It should be noted that climate, soil, cultivar, and management practices have been changing during past decades. Nonetheless, we did not focus on the effects of cultivar change but on the responses of current maize planting to climate change. Thus, we used one calibrated cultivar and kept soil inherent properties and other management practices constant over the study period. Moreover, to exclude any “carry-over” effects from previous seasons, initial soil water and nitrogen were reset to 20% of maximum soil available water and 80 kg ha−1 NO3-N and 12.5 kg ha−1 NH4-N on the 1st of January each year.
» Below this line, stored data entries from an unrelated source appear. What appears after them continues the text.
(* The lamplighter group $G=\mathbb Z_2\wr\mathbb Z=(\bigoplus_{\mathbb Z}\mathbb Z_2)\rtimes\mathbb Z$ does not have the ISR property.
   Context: For a countable discrete group $G$, $L(G)$ is the group von Neumann algebra generated by the left regular unitaries $u_g$ on $\ell^2(G)$; for a subgroup $N$, $L(N)$ is the von Neumann subalgebra generated by $\{u_g:g\in N\}$. A von Neumann subalgebra $\mathcal M\subseteq L(G)$ is $G$-invariant if $u_g\mathcal M u_g^*\subseteq\mathcal M$ for all $g\in G$. $G$ has the ISR property if every $G$-invariant von Neumann subalgebra of $L(G)$ equals $L(N)$ for some normal subgroup $N\trianglelefteq G$. In $\mathbb Z_2\wr\mathbb Z$ the generator of $\mathbb Z$ acts on $\bigoplus_{\mathbb Z}\mathbb Z_2$ by shifting coordinates. *)

theory Defs
  imports "HOL-Analysis.Infinite_Sum" "HOL-Algebra.Coset"
begin

definition l2 :: "('a, 'b) monoid_scheme \<Rightarrow> ('a \<Rightarrow> complex) set" where
  "l2 G = {x. (\<forall>g. g \<notin> carrier G \<longrightarrow> x g = 0) \<and>
              (\<lambda>g. (cmod (x g))\<^sup>2) summable_on carrier G}"

definition l2_inner :: "('a, 'b) monoid_scheme \<Rightarrow> ('a \<Rightarrow> complex) \<Rightarrow> ('a \<Rightarrow> complex) \<Rightarrow> complex" where
  "l2_inner G x y = (\<Sum>\<^sub>\<infinity>g\<in>carrier G. cnj (x g) * y g)"

definition l2_norm :: "('a, 'b) monoid_scheme \<Rightarrow> ('a \<Rightarrow> complex) \<Rightarrow> real" where
  "l2_norm G x = sqrt (\<Sum>\<^sub>\<infinity>g\<in>carrier G. (cmod (x g))\<^sup>2)"

text \<open>Bounded linear operators on l2(G). An operator is represented by a total map
  which is required to send every non-l2 function to 0, so that operators are
  identified with their action on l2(G).\<close>

definition bops :: "('a, 'b) monoid_scheme \<Rightarrow> (('a \<Rightarrow> complex) \<Rightarrow> ('a \<Rightarrow> complex)) set" where
  "bops G = {T. (\<forall>x\<in>l2 G. T x \<in> l2 G)
              \<and> (\<forall>x\<in>l2 G. \<forall>y\<in>l2 G. \<forall>a b. T (\<lambda>g. a * x g + b * y g) = (\<lambda>g. a * T x g + b * T y g))
              \<and> (\<exists>C. \<forall>x\<in>l2 G. l2_norm G (T x) \<le> C * l2_norm G x)
              \<and> (\<forall>x. x \<notin> l2 G \<longrightarrow> T x = (\<lambda>_. 0))}"

definition commutant :: "('a, 'b) monoid_scheme \<Rightarrow> (('a \<Rightarrow> complex) \<Rightarrow> ('a \<Rightarrow> complex)) set
    \<Rightarrow> (('a \<Rightarrow> complex) \<Rightarrow> ('a \<Rightarrow> complex)) set" where
  "commutant G S = {T \<in> bops G. \<forall>A\<in>S. T \<circ> A = A \<circ> T}"
(* Let $(\mathcal{A},\mathcal{E})$ be a finite, essentially small exact category. For a nonzero object $X$ define $\mu_\mathcal{E}(X)=\max\{\mu_\mathcal{E}(X') : X'\text{ indecomposable},\ X'\subset_\mathcal{E}X\}$ (maximum in $(\mathfrak{S}(\mathbb{N}),\lll)$); this agrees with $\mu_\mathcal{E}$ on indecomposable objects. Then this extended map is a measure on the poset of isomorphism classes of nonzero objects ordered by $\subset_\mathcal{E}$, i.e. $X\subset_\mathcal{E}Y$ implies $\mu_\mathcal{E}(X)\lll\mu_\mathcal{E}(Y)$.
   Context: $(\mathcal{A},\mathcal{E})$ is a Quillen exact category; admissible monics are morphisms $i$ with $(i,d)\in\mathcal{E}$ for some $d$. $X\subset_\mathcal{E}Y$ means there is an admissible monic $X\to Y$; $X\subsetneq_\mathcal{E}Y$ means there is one that is not an isomorphism. The $\mathcal{E}$-length $l_\mathcal{E}(X)$ is the supremum of all $n$ such that there is a chain $0=X_0\to\cdots\to X_n=X$ of admissible monics none of which is an isomorphism; $(\mathcal{A},\mathcal{E})$ is finite if $l_\mathcal{E}(X)<\infty$ for all $X$; in that case $\subset_\mathcal{E}$ is a partial order on isomorphism classes. $\mathfrak{S}(\mathbb{N})$ is the set of finite nonempty sequences of natural numbers, totally ordered by: $x\lll y$ iff $x=y$, or $x$ is a proper prefix of $y$, or at the first index $i$ where $x_i\neq y_i$ (both defined) one has $x_i>y_i$. For indecomposable $X$, $\mu_\mathcal{E}(X)$ is the $\lll$-maximum of $(l_\mathcal{E}(X_1),\dots,l_\mathcal{E}(X_n))$ over all chains $X_1\subsetneq_\mathcal{E}\cdots\subsetneq_\mathcal{E}X_n=X$ ($n\ge1$) with all $X_i$ indecomposable. A measure is an order-preserving map from a poset to a totally ordered set. *)

theory Defs
  imports Main "HOL-Library.Extended_Nat"
begin

text \<open>An (essentially small) category is given by a set of objects and a set of morphisms
  with source, target, composition and identities; the additive structure is given by
  addition of parallel morphisms and zero morphisms; the exact structure is a set of
  composable pairs (i, d) of morphisms (the conflations / kernel-cokernel pairs).\<close>

record ('o, 'm) excat =
  ob    :: "'o set"
  mor   :: "'m set"
  src   :: "'m \<Rightarrow> 'o"
  tgt   :: "'m \<Rightarrow> 'o"
  cmp   :: "'m \<Rightarrow> 'm \<Rightarrow> 'm"     (* cmp C g f = g o f *)
  idt   :: "'o \<Rightarrow> 'm"
  madd  :: "'m \<Rightarrow> 'm \<Rightarrow> 'm"
  mzero :: "'o \<Rightarrow> 'o \<Rightarrow> 'm"
  ex    :: "('m \<times> 'm) set"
Fallow was performed prior to sowing.

2.5 Identification of temperature sensitivity

We implemented a widely used panel data model, ordinary least squares regression with quadratic terms (Deng et al., 2020; Schlenker and Lobell, 2010; Zhu et al., 2019), to estimate temperature sensitivity of maize yield (SY,T). Growing season mean temperature (T), total precipitation (P), and mean solar radiation (R) were used as the explanatory variables.
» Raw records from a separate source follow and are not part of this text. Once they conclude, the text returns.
(* Let $\delta\ge 0$ be a real number, $m\in\mathbb{N}$, and let $g,u,c:\mathbb{R}\to[0,\infty)$ be continuous functions. Let $\{\varepsilon_t\}_t$ be an i.i.d. sequence with mean $0$ and variance $1$, let $\{x_t\}_t$ be a strictly stationary ergodic process independent of $\{\varepsilon_t\}_t$, with $\{(\varepsilon_t,x_t)\}_t$ adapted to a filtration $\{\mathcal{F}_t\}_t$, and let $\{R_t\}_t$ be given by the model $$R_t=\sigma_t\varepsilon_t,\qquad \sigma_t^{\delta}=g(\varepsilon_{t-1})+u(x_{t-1})+c(\varepsilon_{t-1})\sigma_{t-1}^{\delta}.$$ Assume $E|\varepsilon_t|^{m\delta}<\infty$, $E(u(x_t))^{m}<\infty$ and $E(g(\varepsilon_t))^{m}<\infty$. Then the following are equivalent: (i) $E|R_t|^{m\delta}<\infty$; (ii) $E(c(\varepsilon_t))^{m}<1$.
   Context: The functions $g,u,c$ are assumed chosen so that $P(\sigma_t>0)=1$ for every $t$. *)

theory Defs
  imports "HOL-Probability.Probability"
begin

definition strictly_stationary :: "'a measure \<Rightarrow> (int \<Rightarrow> 'a \<Rightarrow> real) \<Rightarrow> bool" where
  "strictly_stationary M X \<longleftrightarrow>
     (\<forall>h::int. \<forall>J::int set. finite J \<longrightarrow>
        distr M (PiM J (\<lambda>_. borel)) (\<lambda>\<omega>. \<lambda>j\<in>J. X (j + h) \<omega>)
      = distr M (PiM J (\<lambda>_. borel)) (\<lambda>\<omega>. \<lambda>j\<in>J. X j \<omega>))"

definition shift_path :: "(int \<Rightarrow> real) \<Rightarrow> (int \<Rightarrow> real)" where
  "shift_path f = (\<lambda>t. f (t + 1))"

definition ergodic_process :: "'a measure \<Rightarrow> (int \<Rightarrow> 'a \<Rightarrow> real) \<Rightarrow> bool" where
  "ergodic_process M X \<longleftrightarrow>
     (\<forall>A \<in> sets (PiM (UNIV::int set) (\<lambda>_. borel)).
        shift_path -` A = A \<longrightarrow>
        measure M {\<omega> \<in> space M. (\<lambda>t. X t \<omega>) \<in> A} \<in> {0, 1})"

text \<open>The causal (non-anticipative) expansion of the model
  \<open>\<sigma>_t^\<delta> = g(\<epsilon>_{t-1}) + u(x_{t-1}) + c(\<epsilon>_{t-1}) \<sigma>_{t-1}^\<delta>\<close>: the k-th term is
  \<open>c(\<epsilon>_{t-1})\<cdots>c(\<epsilon>_{t-k}) (g(\<epsilon>_{t-k-1}) + u(x_{t-k-1}))\<close>.\<close>
definition sol_term ::
  "(real \<Rightarrow> real) \<Rightarrow> (real \<Rightarrow> real) \<Rightarrow> (real \<Rightarrow> real) \<Rightarrow>
   (int \<Rightarrow> 'a \<Rightarrow> real) \<Rightarrow> (int \<Rightarrow> 'a \<Rightarrow> real) \<Rightarrow> int \<Rightarrow> 'a \<Rightarrow> nat \<Rightarrow> real" where
  "sol_term g u c eps x t \<omega> k =
     (\<Prod>j\<in>{1..k}. c (eps (t - int j) \<omega>)) *
     (g (eps (t - int k - 1) \<omega>) + u (x (t - int k - 1) \<omega>))"

end

theory Submission
  imports Defs
begin

text \<open>Multiply the causal expansion \<open>\<sigma>_t^\<delta> = \<Sum>_k T_k\<close> by \<open>|\<epsilon>_t|^\<delta>\<close>, so that
  \<open>|R_t|^{m\<delta>} = (\<Sum>_k T_k |\<epsilon>_t|^\<delta>)^m\<close>. The \<open>k\<close>-th term is a product of functions of the
  independent \<open>\<epsilon>_{t-k-1}, \<dots>, \<epsilon>_t\<close> and of \<open>x_{t-k-1}\<close>, which is independent of \<open>\<epsilon>\<close>;
  hence its \<open>m\<close>-th moment is \<open>q^k B\<close> with \<open>q = E c(\<epsilon>_t)^m\<close> and a constant \<open>B\<close>, which is finite
  by the moment assumptions and nonzero because \<open>\<epsilon>_t\<close> has variance 1 and \<open>\<sigma>_t > 0\<close>.
  Superadditivity of \<open>y \<mapsto> y^m\<close> bounds \<open>E |R_t|^{m\<delta>}\<close> below by \<open>\<Sum>_k q^k B\<close>, which
  diverges for \<open>q \<ge> 1\<close>. For \<open>q < 1\<close>, Jensen's inequality with geometric weights \<open>r^k\<close>,
  where \<open>q < r^{m-1} < 1\<close>, bounds it above by \<open>(1 - r)^{1-m} \<Sum>_k (q r^{1-m})^k B < \<infinity>\<close>.\<close>

lemma add_power_le_power_add:
  fixes a b :: real
  assumes "a \<ge> 0" "b \<ge> 0" "m \<ge> 1"
  shows "a ^ m + b ^ m \<le> (a + b) ^ m"
proof -
  obtain m' where m: "m = Suc m'" using assms(3) by (cases m) auto
  have "a * a ^ m' \<le> a * (a + b) ^ m'" using assms by (intro mult_left_mono power_mono) auto
  moreover have "b * b ^ m' \<le> b * (a + b) ^ m'" using assms by (intro mult_left_mono power_mono) auto
  ultimately show ?thesis by (simp add: m algebra_simps)
qed

lemma power_add_le_two_power:
  fixes a b :: real
  assumes "a \<ge> 0" "b \<ge> 0"
  shows "(a + b) ^ m \<le> 2 ^ m * (a ^ m + b ^ m)"
proof -
  have "(a + b) ^ m \<le> (2 * max a b) ^ m" using assms by (intro power_mono) auto
  also have "\<dots> = 2 ^ m * max a b ^ m" by (simp add: power_mult_distrib)
  also have "\<dots> \<le> 2 ^ m * (a ^ m + b ^ m)" using assms by (auto simp: max_def)
  finally show ?thesis .
qed

lemma sum_power_le_power_sum:
  fixes f :: "'b \<Rightarrow> real"
  assumes "\<And>k. k \<in> A \<Longrightarrow> f k \<ge> 0" "m \<ge> 1"
  shows "(\<Sum>k\<in>A. f k ^ m) \<le> (\<Sum>k\<in>A. f k) ^ m"
  using assms(1)
proof (induction A rule: infinite_finite_induct)
  case (insert k A)
  then have "(\<Sum>i\<in>insert k A. f i ^ m) \<le> f k ^ m + (\<Sum>i\<in>A. f i) ^ m" by simp
  also have "\<dots> \<le> (f k + (\<Sum>i\<in>A. f i)) ^ m"
    using insert assms(2) by (intro add_power_le_power_add sum_nonneg) auto
  finally show ?case using insert by simp
qed simp_all

lemma suminf_power_le_power_suminf:
  fixes T :: "nat \<Rightarrow> real"
  assumes T: "\<And>k. T k \<ge> 0" "T sums S" and m: "m \<ge> 1"
  shows "(\<Sum>k. ennreal (T k ^ m)) \<le> ennreal (S ^ m)"
proof (rule suminf_le_const)
  fix N
  have "(\<Sum>k<N. T k ^ m) \<le> (\<Sum>k<N. T k) ^ m" using T(1) m by (rule sum_power_le_power_sum)
  also have "\<dots> \<le> S ^ m"
    using T by (intro power_mono) (auto simp: sums_iff sum_nonneg intro!: sum_le_suminf)
  finally show "(\<Sum>k<N. ennreal (T k ^ m)) \<le> ennreal (S ^ m)"
    using T(1) by (subst sum_ennreal) (auto intro: ennreal_leI)
qed simp

text \<open>Jensen's inequality for \<open>x \<mapsto> x ^ m\<close> with the geometric weights \<open>r ^ k / (\<Sum>k<N. r ^ k)\<close>.\<close>
lemma power_sum_le_weighted_sum_power:
  fixes T :: "nat \<Rightarrow> real"
  assumes T: "\<And>k. T k \<ge> 0" and m: "m \<ge> 1" and r: "0 < r" "r < 1"
  shows "(\<Sum>k<N. T k) ^ m \<le> (1 / (1 - r)) ^ (m - 1) * (\<Sum>k<N. T k ^ m / r ^ (k * (m - 1)))"
proof (cases "N = 0")
  case True then show ?thesis using m by (simp add: power_0_left)
next
  case False
  obtain m' where m': "m = Suc m'" using m by (cases m) auto
  define W where "W = (\<Sum>k<N. r ^ k)"
  have W_pos: "W > 0" unfolding W_def using False r by (intro sum_pos) auto
  have W_le: "W \<le> 1 / (1 - r)"
    using r by (simp add: W_def sum_gp_strict divide_right_mono)
  have convex: "convex_on {0::real..} (\<lambda>x. x ^ m)"
    by (cases "even m") (auto intro: convex_on_subset[OF convex_power_even] convex_power_odd)
  have "(\<Sum>k<N. T k) = (\<Sum>k<N. (r ^ k / W) *\<^sub>R (T k * W / r ^ k))"
    using W_pos r by (intro sum.cong) auto
  then have "(\<Sum>k<N. T k) ^ m \<le> (\<Sum>k<N. (r ^ k / W) * (T k * W / r ^ k) ^ m)"
    using convex_on_sum[OF _ _ convex, of "{..<N}" "\<lambda>k. r ^ k / W" "\<lambda>k. T k * W / r ^ k"] False W_pos r T
    by (auto simp: W_def sum_divide_distrib[symmetric])
  also have "\<dots> = W ^ m' * (\<Sum>k<N. T k ^ m / r ^ (k * (m - 1)))"
    unfolding sum_distrib_left
    using W_pos r by (intro sum.cong) (auto simp: m' power_mult_distrib power_divide power_mult field_simps)
  also have "\<dots> \<le> (1 / (1 - r)) ^ (m - 1) * (\<Sum>k<N. T k ^ m / r ^ (k * (m - 1)))"
    using W_pos W_le T r by (intro mult_right_mono) (auto simp: m' intro!: power_mono sum_nonneg)
  finally show ?thesis .
qed

lemma power_suminf_le_weighted_suminf_power:
  fixes T :: "nat \<Rightarrow> real"
  assumes T: "\<And>k. T k \<ge> 0" "T sums S" and m: "m \<ge> 1" and r: "0 < r" "r < 1"
  shows "ennreal (S ^ m)
    \<le> ennreal ((1 / (1 - r)) ^ (m - 1)) * (\<Sum>k. ennreal (T k ^ m / r ^ (k * (m - 1))))"
proof (rule LIMSEQ_le_const2)
  show "(\<lambda>N. ennreal ((\<Sum>k<N. T k) ^ m)) \<longlonglongrightarrow> ennreal (S ^ m)"
    using T(2) unfolding sums_def by (intro tendsto_ennrealI tendsto_power)
  show "\<exists>N0. \<forall>N\<ge>N0. ennreal ((\<Sum>k<N. T k) ^ m)
      \<le> ennreal ((1 / (1 - r)) ^ (m - 1)) * (\<Sum>k. ennreal (T k ^ m / r ^ (k * (m - 1))))"
  proof (intro exI allI impI)
    fix N
    have "ennreal ((\<Sum>k<N. T k) ^ m)
        \<le> ennreal ((1 / (1 - r)) ^ (m - 1) * (\<Sum>k<N. T k ^ m / r ^ (k * (m - 1))))"
      using T(1) m r by (intro ennreal_leI power_sum_le_weighted_sum_power)
    also have "\<dots> = ennreal ((1 / (1 - r)) ^ (m - 1)) * (\<Sum>k<N. ennreal (T k ^ m / r ^ (k * (m - 1))))"
      using T(1) r by (simp add: ennreal_mult sum_nonneg sum_ennreal)
    also have "\<dots> \<le> ennreal ((1 / (1 - r)) ^ (m - 1)) * (\<Sum>k. ennreal (T k ^ m / r ^ (k * (m - 1))))"
      by (intro mult_left_mono sum_le_suminf) auto
    finally show "ennreal ((\<Sum>k<N. T k) ^ m)
        \<le> ennreal ((1 / (1 - r)) ^ (m - 1)) * (\<Sum>k. ennreal (T k ^ m / r ^ (k * (m - 1))))" .
  qed
qed

lemma exists_power_gt:
  fixes q :: real
  assumes "q < 1"
  shows "\<exists>r. 0 < r \<and> r < 1 \<and> q < r ^ n"
proof -
  have "((\<lambda>r. r ^ n) \<longlongrightarrow> 1) (at_left (1::real))"
    by (intro tendsto_eq_intros) auto
  then have "eventually (\<lambda>r. q < r ^ n) (at_left 1)"
    using assms by (rule order_tendstoD)
  moreover have "eventually (\<lambda>r. r \<in> {0<..<1}) (at_left (1::real))"
    by (rule eventually_at_left_real) simp
  ultimately have "eventually (\<lambda>r. 0 < r \<and> r < 1 \<and> q < r ^ n) (at_left (1::real))"
    by eventually_elim auto
  then show ?thesis
    by (auto dest: eventually_happens)
qed

lemma powr_power':
  fixes a d :: real
  assumes "m \<noteq> 0"
  shows "(a powr d) ^ m = a powr (real m * d)"
  using assms by (cases "a = 0") (simp_all add: powr_power)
$$ \ln \left({Yield}_{i,t}\right)={a}_1{T}_{i,t}+{a}_2{T}_{i,t}^2+{b}_1{P}_{i,t}+{b}_2{P}_{i,t}^2+{c}_1{R}_{i,t}+{c}_2{R}_{i,t}^2+\varepsilon $$
(1)

where ln(Yieldi, t) is the natural logarithm of yield at grid i in year t. As the APSIM model simulated maize yield can be viewed as climate-driven yield, we did not normalize for longitudinal yield gains associated with technological progress (e.g., breeding, fertilizer, and pesticide application). Quadratic terms are included for three climatic variables to simulate their nonlinear impacts on maize yield. a, b, and c are regression coefficients. ε represents the model error term. Then, the SY,T can be defined as

$$ {S}_{Y,T}=\frac{\partial Y}{\partial T}\bullet 100\%=\left({a}_1+2{a}_2\overline{T_i}\right)\bullet 100\% $$
(2)

where \( \overline{T_i} \) denotes the mean temperature during the study period 1961-2016 in grid i. a1 and a2 stand for the regression coefficients derived from Eq. 1. As the response variable (maize yield) has been log-transformed, the estimated temperature sensitivity indicates the percentage change of yield for 1°C warming. We calculated the SY,T for all of the grids across CMB using Eq. 1 and Eq. 2. The performance of the model was evaluated using two metrics, namely coefficient of determination (R2) and normalized root mean square error (NRMSE), given by the following equations:

$$ {\mathrm{R}}^2={\left(\frac{\sum_{i=1}^n\left({O}_i-\overline{O}\right)\left({P}_i-\overline{P}\right)}{\sqrt{\sum_{i=1}^n{\left({O}_i-\overline{O}\right)}^2}\sqrt{\sum_{i=1}^n{\left({P}_i-\overline{P}\right)}^2}}\right)}^2 $$
(3)
$$ \mathrm{NRMSE}=\frac{1}{\overline{O}}\sqrt{\frac{1}{n}{\sum}_{i=1}^n{\left({O}_i-{P}_i\right)}^2} $$
(4)

where n is the number of samples, Oi and Pi denote observational and predicted values, and \( \overline{O} \) represents the mean of observational values. Generally, the model with higher R2 and lower NRMSE is considered to be a better-performance model.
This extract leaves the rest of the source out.